From a constant-voltage power supply, normally the power dissipated by a load of resistance $R$ is $P = VI = V\frac VR = \frac{V^2}R$. So, for a fixed power supply, the power is just inversely proportional to the resistance. Want twice the heat? Use half the resistance.

For example:

In [96]:

%pylab inline

import seaborn
style.use('seaborn-poster')

import sympy
sympy.init_printing()

rcParams['lines.linewidth'] = 1

Populating the interactive namespace from numpy and matplotlib

In [6]:

V = array([3.3, 5, 12, 120, 240])[:, None]
R = array([4.7e6, 4.7e3, 4700, 470])
I = V/R
P = V*I
P

Out[6]:

array([[2.31702128e-06, 2.31702128e-03, 2.31702128e-03, 2.31702128e-02],
       [5.31914894e-06, 5.31914894e-03, 5.31914894e-03, 5.31914894e-02],
       [3.06382979e-05, 3.06382979e-02, 3.06382979e-02, 3.06382979e-01],
       [3.06382979e-03, 3.06382979e+00, 3.06382979e+00, 3.06382979e+01],
       [1.22553191e-02, 1.22553191e+01, 1.22553191e+01, 1.22553191e+02]])

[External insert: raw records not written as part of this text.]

(* Let $\mathcal G=(\mathcal V,\mathcal E)$ be a hypergraph with $\mathcal V=[n]$, all of whose edges are nonempty, with set of special vertices $\mathcal V^{\mathrm{sp}}\subseteq\mathcal V$. Then for every $q\in\mathbb Z$ we have, as formal power series in $\mathbb Q[[x_1,\dots,x_n]]$, \[ I^{\mathrm{mark}}(\mathcal G,x)^q=\sum_{\mathbf m\in\mathbb Z_{\ge0}^n}{}_{\mathbf m}\Pi^{\mathrm{mark}}_{\mathcal G}(q)\,x^{\mathbf m}, \] where ${}_{\mathbf m}\Pi^{\mathrm{mark}}_{\mathcal G}$ denotes the unique polynomial in $q$ whose value at each positive integer $q$ is the number of marked multi-colorings of $\mathcal G$ associated to $\mathbf m$ using at most $q$ colors (for $\mathbf m=\mathbf 0$ this polynomial is the constant $1$).
   Context: A hypergraph $\mathcal G=(\mathcal V,\mathcal E)$ has vertex set $\mathcal V=[n]=\{1,\dots,n\}$ and edge set $\mathcal E$ a collection of subsets of $[n]$; $\mathcal V^{\mathrm{sp}}\subseteq\mathcal V$ is a fixed set of special vertices. A finite multiset $U$ with elements in $\mathcal V$ is marked-independent if its underlying set contains no edge $e\in\mathcal E$ and every vertex of $\mathcal V\setminus\mathcal V^{\mathrm{sp}}$ occurs at most once in $U$ (the empty multiset is marked-independent). For such $U$, $x(U)=\prod_v x_v^{r_v}$ where $v$ occurs $r_v$ times in $U$. The marked independence series is $I^{\mathrm{mark}}(\mathcal G,x)=\sum_U x(U)$, summed over all marked-independent multisets $U$; it has constant term $1$. For $\mathbf m=(m_v)\in\mathbb Z_{\ge0}^n$ and $q\in\mathbb N$, a marked multi-coloring of $\mathcal G$ associated to $\mathbf m$ using at most $q$ colors is a map $\Gamma$ assigning to each $v$ a finite multiset $\Gamma(v)$ with elements in $\{1,\dots,q\}$ such that $\Gamma(v)$ is a set for $v\notin\mathcal V^{\mathrm{sp}}$, $|\Gamma(v)|=m_v$ (with multiplicity), and for every $e\in\mathcal E$ the underlying sets of $\Gamma(v)$, $v\in e$, have empty common intersection; two colorings are distinct if they differ at some vertex. $x^{\mathbf m}=\prod_v x_v^{m_v}$. *)

theory Defs
  imports Main "HOL-Library.Multiset" "HOL-Computational_Algebra.Polynomial"
begin

(* Multivariate formal power series over Q in the variables x_1..x_n are represented
   by their coefficient functions: a monomial x^m is an exponent vector m :: nat => nat
   (only monomials with support in {1..n} are relevant). *)

type_synonym mfps = "(nat \<Rightarrow> nat) \<Rightarrow> rat"

definition mon_supp :: "(nat \<Rightarrow> nat) \<Rightarrow> nat set" where
  "mon_supp m = {i. m i \<noteq> 0}"

definition mfps_mult :: "mfps \<Rightarrow> mfps \<Rightarrow> mfps" where
  "mfps_mult f g = (\<lambda>m. \<Sum>a\<in>{a. \<forall>i. a i \<le> m i}. f a * g (\<lambda>i. m i - a i))"

definition mfps_one :: mfps where
  "mfps_one = (\<lambda>m. if m = (\<lambda>_. 0) then 1 else 0)"

primrec mfps_pow :: "mfps \<Rightarrow> nat \<Rightarrow> mfps" where
  "mfps_pow f 0 = mfps_one"
| "mfps_pow f (Suc k) = mfps_mult f (mfps_pow f k)"

definition mfps_inv :: "nat \<Rightarrow> mfps \<Rightarrow> mfps" where
  "mfps_inv n f = (THE g. (\<forall>m. \<not> mon_supp m \<subseteq> {1..n} \<longrightarrow> g m = 0) \<and>
      (\<forall>m. mon_supp m \<subseteq> {1..n} \<longrightarrow> mfps_mult g f m = mfps_one m))"

definition mfps_ipow :: "nat \<Rightarrow> mfps \<Rightarrow> int \<Rightarrow> mfps" where
  "mfps_ipow n f q = (if 0 \<le> q then mfps_pow f (nat q) else mfps_pow (mfps_inv n f) (nat (- q)))"

definition marked_indep :: "nat \<Rightarrow> nat set set \<Rightarrow> nat set \<Rightarrow> nat multiset \<Rightarrow> bool" where
  "marked_indep n E Vsp U \<longleftrightarrow> set_mset U \<subseteq> {1..n} \<and> (\<forall>e\<in>E. \<not> e \<subseteq> set_mset U)
      \<and> (\<forall>v\<in>{1..n} - Vsp. count U v \<le> 1)"

definition I_mark :: "nat \<Rightarrow> nat set set \<Rightarrow> nat set \<Rightarrow> mfps" where
  "I_mark n E Vsp = (\<lambda>m. of_nat (card {U. marked_indep n E Vsp U \<and> (\<forall>v. count U v = m v)}))"

definition marked_colorings :: "nat \<Rightarrow> nat set set \<Rightarrow> nat set \<Rightarrow> (nat \<Rightarrow> nat) \<Rightarrow> nat \<Rightarrow> (nat \<Rightarrow> nat multiset) set" where
  "marked_colorings n E Vsp m q = {\<Gamma>.
      (\<forall>v. v \<notin> {1..n} \<longrightarrow> \<Gamma> v = {#}) \<and>
      (\<forall>v\<in>{1..n}. set_mset (\<Gamma> v) \<subseteq> {1..q} \<and> size (\<Gamma> v) = m v \<and>
                    (v \<notin> Vsp \<longrightarrow> (\<forall>c. count (\<Gamma> v) c \<le> 1))) \<and>
      (\<forall>e\<in>E. (\<Inter>v\<in>e. set_mset (\<Gamma> v)) = {})}"

end

theory Submission
  imports Defs
begin

text \<open>Write I = 1 + J with J free of constant term. Since J^k only has monomials of degree at
  least k, the binomial expansion I^q = \<Sum>k. (q choose k) J^k shows that for q \<ge> 0 the
  coefficient of x^m in I^q is a polynomial P_m(q) of degree at most |m|. Let I^y, for rational y,
  be the series with coefficients P_m(y). The law I^y I^z = I^(y+z) holds coefficientwise for
  natural y and z, hence as a polynomial identity for all y and z. So I^(-1) is the inverse of I
  and I^(-p) is its p-th power: P_m(q) is the coefficient for every integer q.

  For q > 0 the coefficient of x^m in I^q = I \<cdot> I^(q-1) counts the colourings with q colours:
  the vertices carrying the last colour, with multiplicity, form a marked-independent multiset,
  and removing that colour leaves a colouring with q - 1 colours.\<close>

section \<open>Monomials and Cauchy products\<close>

lemma mon_supp_mono: "a \<le> m \<Longrightarrow> mon_supp a \<subseteq> mon_supp m"
  by (auto simp: mon_supp_def le_fun_def) (metis less_le_trans)

lemma mon_supp_diff: "mon_supp (m - a) \<subseteq> mon_supp m"
  by (auto simp: mon_supp_def)

lemma finite_mon_supp_le: "finite (mon_supp m) \<Longrightarrow> a \<le> m \<Longrightarrow> finite (mon_supp a)"
  by (rule finite_subset[OF mon_supp_mono])

lemma finite_mon_supp_diff: "finite (mon_supp m) \<Longrightarrow> finite (mon_supp (m - a))"
  by (rule finite_subset[OF mon_supp_diff])

lemma finite_mon_supp_subset: "mon_supp m \<subseteq> {1..n} \<Longrightarrow> finite (mon_supp m)"
  by (rule finite_subset) auto

lemma mon_supp_le_subset: "a \<le> m \<Longrightarrow> mon_supp m \<subseteq> S \<Longrightarrow> mon_supp a \<subseteq> S"
  by (rule order_trans[OF mon_supp_mono])

lemma mon_supp_diff_subset: "mon_supp m \<subseteq> S \<Longrightarrow> mon_supp (m - a) \<subseteq> S"
  by (rule order_trans[OF mon_supp_diff])

definition mon_degree :: "(nat \<Rightarrow> nat) \<Rightarrow> nat" where
  "mon_degree m = (\<Sum>i\<in>mon_supp m. m i)"

lemma mon_degree_eq_sum:
  assumes "finite S" "mon_supp m \<subseteq> S"
  shows "mon_degree m = (\<Sum>i\<in>S. m i)"
  unfolding mon_degree_def using assms by (intro sum.mono_neutral_left) (auto simp: mon_supp_def)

Columns are resistances, rows are voltages. Here we go from 2.3 μW in the upper left-hand corner to 120 W in the lower right-hand corner. You can see that in each row the power is just inversely proportional to the resistance.

But real power supplies have some internal resistance in series with the load. So even if they're designed for constant voltage, their voltage starts to droop as you draw more current from them, because some of it is dropped across the internal resistance. If you try to get very high power out of them by using a very low load resistance, the voltage droops so much that the power delivered to the load starts to fall.

Suppose the internal resistance $R_I$ is 2.3Ω. What powers do we get for different load resistances $R_L$? What load resistance gives us the maximum load power $P_L$, or is there no such load resistance? That is, what is $\newcommand{argmax}[1]{\underset{#1}{\mathrm{argmax}\,}}\argmax{R_L}P_L$?

In [33]:

V = 12
Ri = 2.3  # internal
Rl = array([0.01, 0.1, 1, 10, 100])
R = Ri + Rl
I = V/R
Vl = I * Rl
Pl = Vl * I
Pl

Out[33]:

array([ 0.26986001,  2.5       , 13.2231405 ,  9.51814396,  1.37597716])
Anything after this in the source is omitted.